WORK TO BE COMPLETED:
Only the number is needed: count the lines below that hold the string "powr".

(Saved data entries)

(* Let $q>1$, $p=\frac{q}{q-1}$, and assume Hypothesis (H$_q$). Then for every $\theta>0$, $$\Big|f\Big(\frac{m(a+b)}{2}\Big)-\frac{\Gamma(\theta+1)2^{\theta-1}}{m^\theta(b-a)^\theta}\Big[J^\theta_{(\frac{m(a+b)}{2})^-}f(ma)+J^\theta_{(\frac{m(a+b)}{2})^+}f(mb)\Big]\Big|$$ $$\le\frac{m(b-a)}{4}\Big(\frac{1}{\theta p+1}\Big)^{\frac1p}\Big\{\Big(\frac{|f'(\frac{m(a+b)}2)|^q+\alpha m|f'(a)|^q}{\alpha+1}\Big)^{\frac1q}+\Big(\frac{|f'(\frac{m(a+b)}2)|^q+\alpha m|f'(b)|^q}{\alpha+1}\Big)^{\frac1q}\Big\}.$$
   Context: Let $\Gamma$ denote Euler's Gamma function. For $\theta>0$, $c=\frac{m(a+b)}{2}$: $J^\theta_{c^-}f(ma)=\frac{1}{\Gamma(\theta)}\int_{ma}^{c}(s-ma)^{\theta-1}f(s)\,ds$ and $J^\theta_{c^+}f(mb)=\frac{1}{\Gamma(\theta)}\int_{c}^{mb}(mb-s)^{\theta-1}f(s)\,ds$. $(\alpha,m)$-convexity: for $(\alpha,m)\in[0,1]\times(0,1]$ and an interval $K\subseteq[0,\infty)$, a function $g:K\to\mathbb{R}$ is $(\alpha,m)$-convex on $K$ if $g(tX+m(1-t)Y)\le t^\alpha g(X)+m(1-t^\alpha)g(Y)$ for all $X,Y\in K$ and $t\in[0,1]$ with $tX+m(1-t)Y\in K$ (convention $0^0=1$). Hypothesis (H$_q$): $I\subseteq[0,\infty)$ is an interval, $f:I\to\mathbb{R}$ is differentiable on the interior $I^\circ$, $m\in(0,1]$, $\alpha\in[0,1]$, $a<b$ with $ma,b\in I^\circ$, $f'$ is Lebesgue integrable on $[ma,mb]$, and $|f'|^q$ is $(\alpha,m)$-convex on $[ma,b]$. *)

theory Defs
  imports "HOL-Analysis.Analysis"
begin

text \<open>Power t^alpha with the convention 0^0 = 1 (Isabelle's powr has 0 powr 0 = 0).\<close>
definition pw0 :: "real \<Rightarrow> real \<Rightarrow> real" where
  "pw0 t \<alpha> = (if t = 0 then (if \<alpha> = 0 then 1 else 0) else t powr \<alpha>)"

definition alpha_m_convex :: "real \<Rightarrow> real \<Rightarrow> real set \<Rightarrow> (real \<Rightarrow> real) \<Rightarrow> bool" where
  "alpha_m_convex \<alpha> m K g \<longleftrightarrow>
     (\<forall>X\<in>K. \<forall>Y\<in>K. \<forall>t\<in>{0..1}. t * X + m * (1 - t) * Y \<in> K \<longrightarrow>
        g (t * X + m * (1 - t) * Y) \<le> pw0 t \<alpha> * g X + m * (1 - pw0 t \<alpha>) * g Y)"
(* Let $\mathcal A\in\mathbb Q^{n\times n\times n_3}$. Then $\mathtt{bcirc_z}(\mathcal A^k)=\mathtt{bcirc_z}(\mathcal A)^k$ for every positive integer $k$. If moreover $\mathcal A$ is invertible, then $\mathtt{bcirc_z}(\mathcal A^{-1})=\mathtt{bcirc_z}(\mathcal A)^{-1}$.
   Context: $\mathbb Q$ denotes the real quaternions $a_0+a_1\mathbf i+a_2\mathbf j+a_3\mathbf k$ with the usual Hamilton multiplication; $\mathbb C$ is identified with $\{a_0+a_1\mathbf i\}$. Every quaternion array $A=A_0+A_1\mathbf i+A_2\mathbf j+A_3\mathbf k$ (real $A_t$) is written uniquely as $A=A_{\mathbf d}+\mathbf jA_{\mathbf c}$ with $A_{\mathbf d}=A_0+A_1\mathbf i$, $A_{\mathbf c}=A_2-A_3\mathbf i$ complex. For $\mathcal A\in\mathbb Q^{n_1\times n_2\times n_3}$, $\mathcal A^{(s)}=\mathcal A(:,:,s)$. For a complex tensor $\mathcal C$, $\mathtt{bcirc}(\mathcal C)$ is the $n_1n_3\times n_2n_3$ block circulant matrix with $(p,q)$ block $\mathcal C^{(((p-q)\bmod n_3)+1)}$. $P_{n_3}$ is the permutation matrix with first row $e_1^T$ and $r$-th row $e_{n_3+2-r}^T$ for $r\ge2$. $\mathtt{bcirc_z}(\mathcal A)=\mathtt{bcirc}(\mathcal A_{\mathbf d})+\mathbf j\,\mathtt{bcirc}(\mathcal A_{\mathbf c})(P_{n_3}\otimes I_{n_2})$. $\mathtt{unfold}(\mathcal B)=[\mathcal B^{(1)};\dots;\mathcal B^{(n_3)}]$, $\mathtt{fold}$ its inverse. QT-product: $\mathcal A*_Q\mathcal B=\mathtt{fold}(\mathtt{bcirc_z}(\mathcal A)\,\mathtt{unfold}(\mathcal B))$. The identity tensor $\mathcal I\in\mathbb Q^{n\times n\times n_3}$ has first frontal slice $I_n$ and all other frontal slices zero. Powers: $\mathcal A^1=\mathcal A$, $\mathcal A^{k+1}=\mathcal A*_Q\mathcal A^k$. $\mathcal A$ is invertible if there is $\mathcal A^{-1}$ with $\mathcal A*_Q\mathcal A^{-1}=\mathcal A^{-1}*_Q\mathcal A=\mathcal I$. *)

theory Defs
  imports Complex_Main "Jordan_Normal_Form.Matrix"
begin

EXERCISE SOLUTION:
2